In the experiment, participants were asked to adjust

the sound intensity at the same level as fixed-intensity

vibration. With the presence of vibration, the

participants perceived a higher intensity than the

actual sound intensity, which satisfies the hypothesis

that under certain circumstances vibration facilitates

hearing. Further, by using whole-scalp

magnetoencephalography (MEG) and analysing

results, authors concluded that human auditory cortex

can be activated by feeling fixed intensity vibration

of 200-Hz at the fingertips. Also, Caetano et al.,

(2006) extended this study and demonstrated auditory

cortex activation by vibrotactile stimulation alone.

Both research experiments were conducted at fixed-

frequency of 200-Hz vibrations, without providing

level of frequency or location effects on this

phenomenon. In another work researchers studied the

perceptual integration of 50, 250, and 500-Hz

vibrotactile and auditory tones in a detection

experiment as a function of the relative phases of

sound and vibration pulses (Ranjbar et al., 2016). The

results did not establish significance regarding the

effect of phase difference in sound detection

performance.
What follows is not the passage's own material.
(* Let $G_m$ be a bounded Vilenkin group and let $\varphi:P_+\to[1,\infty)$ be a nondecreasing function with $\limsup_{n\to\infty}\frac{\log^2(n+1)}{\varphi(n)}=+\infty$. Then the maximal operator $f\mapsto \sup_{n\in P_+}\frac{|\sigma_nf|}{\varphi(n)}$ is not bounded from $H_{1/2}(G_m)$ to $L_{1/2}(G_m)$; i.e., there is no constant $c<\infty$ such that $\big\|\sup_{n\in P_+}\frac{|\sigma_nf|}{\varphi(n)}\big\|_{L_{1/2}}\le c\|f\|_{H_{1/2}}$ for all martingales $f\in H_{1/2}(G_m)$.
   Context: Let $P_+$ be the positive integers and $P=P_+\cup\{0\}$. Let $m=(m_0,m_1,\dots)$ be a sequence of integers $m_k\ge 2$ with $\sup_k m_k<\infty$. $G_m$ is the complete direct product of the cyclic groups $Z_{m_k}$, with Haar measure $\mu$ = product of the uniform probability measures on $Z_{m_k}$. Put $M_0=1$, $M_{k+1}=m_kM_k$. For $x\in G_m$, $I_n(x)=\{y: y_j=x_j,\ 0\le j<n\}$. Every $n\in P$ is written uniquely as $n=\sum_j n_jM_j$, $n_j\in Z_{m_j}$. Rademacher functions $r_k(x)=\exp(2\pi i x_k/m_k)$; Vilenkin system $\psi_n=\prod_k r_k^{n_k}$. $\mathcal F_n$ is the $\sigma$-algebra generated by the sets $I_n(x)$. For a martingale $f=(f^{(n)})$ w.r.t. $(\mathcal F_n)$, $f^*=\sup_n|f^{(n)}|$; $H_p(G_m)$ consists of martingales with $\|f\|_{H_p}:=\|f^*\|_{L_p}<\infty$, $\|g\|_{L_p}=(\int|g|^pd\mu)^{1/p}$. $\hat f(i)=\lim_{k}\int f^{(k)}\overline{\psi_i}\,d\mu$, $S_nf=\sum_{k=0}^{n-1}\hat f(k)\psi_k$, $\sigma_nf=\frac1n\sum_{k=0}^{n-1}S_kf$. $\log$ denotes a fixed logarithm. *)

theory Defs
  imports "HOL-Probability.Probability"
begin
However, combination of 250-Hz and

phase difference resulted significantly high scores in

sound detection in contrast to other fixed-frequencies

(e.g. 50-Hz and 500-Hz). The work suggests that

auditory and vibrotactile signals can be effectively

integrated without regard to phase difference and fine

structure regulation. Also, it can be speculated that

audio-tactile integration is more notable in some

frequencies than in others. For effective design of

vibrotactile interfaces it is important to establish

further understanding of the range of frequencies in

which audio-tactile integration is stronger. The main

hypothesis of this work is that there is a specific range

of vibration frequencies in which audio-tactile

integration is most intense. When it comes to

sensitivity to vibrotactile stimuli, it is known that the

fingertips and hand have greater density and more

sensitive regions compared to the rest of the body and

are more appropriate for receiving tactile information

than other regions (Bensmaïa, 2005; Kaczmarek et

Banu, A., Nurgeldy, P. and Evagoras, X.

Effect of Frequency Level on Vibro-tactile Sound Detection.

DOI: 10.5220/0007347100970102

In Proceedings of the 14th International Joint Conference on Computer Vision, Imaging and Computer Graphics Theory and Applications (VISIGRAPP 2019), pages 97-102

ISBN: 978-989-758-354-4

al., 1991). Tactile sensation can be caused by

mechanical vibration of the skin at frequency ranges

between 10 and 500-Hz (Johansson and Löfvenberg,

1984). When it comes to ability for frequency

discrimination in vibrotactile stimuli, Mahns et al.,

(2006) have shown that at the fingertips the

discriminative increment or Just Noticeable

Difference (JND) for frequencies of 20, 50, 100 and

200-Hz are 0.32 ± 0.07%, 0.19 ± 0.07%, 0.21 ± 0.03%

and 0.14 ± 0.04%, respectively. However, another

work suggests that JND is constant across frequencies

with a discriminate increment of 22 % (Johansson and

Löfvenberg, 1984). This information is employed in

experimental design in this work, namely for

choosing the set of test frequencies shown in Table 2.

More specifically, for lower frequencies, JND of 50,

100 and 200 Hz were used to choose the frequencies

(Johansson and Löfvenberg, 1984; Mahns et al.,

2016), while higher frequencies were incremented by

22 %. (Mahns et al., 2016).

Overall, the work is organized as follows: first a

methods section describes the group of participants,

equipment and experimental procedure. This is

followed by the results sections and finally a

discussion and conclusion sections elaborate on the

results and investigation in general.

2 METHODS

2.1 Participants

Eight young adults participated in the experiments.

Their age ranged between 19 and 21 years (mean

19.9, standard deviation 0.60). One of the persons

participated in a similar experiment before, but he had

no information regarding the primary aim of the

investigation or details of the study. All other

participants did not have any knowledge about the

topic of the study and were not involved in

vibrotactile experiments before. All of them signed an

informed consent and were compensated for

participation.

2.2 Experimental Setup

The vibrotactile testing apparatus consists of the

following equipment: 1. PC. 2. External sound card.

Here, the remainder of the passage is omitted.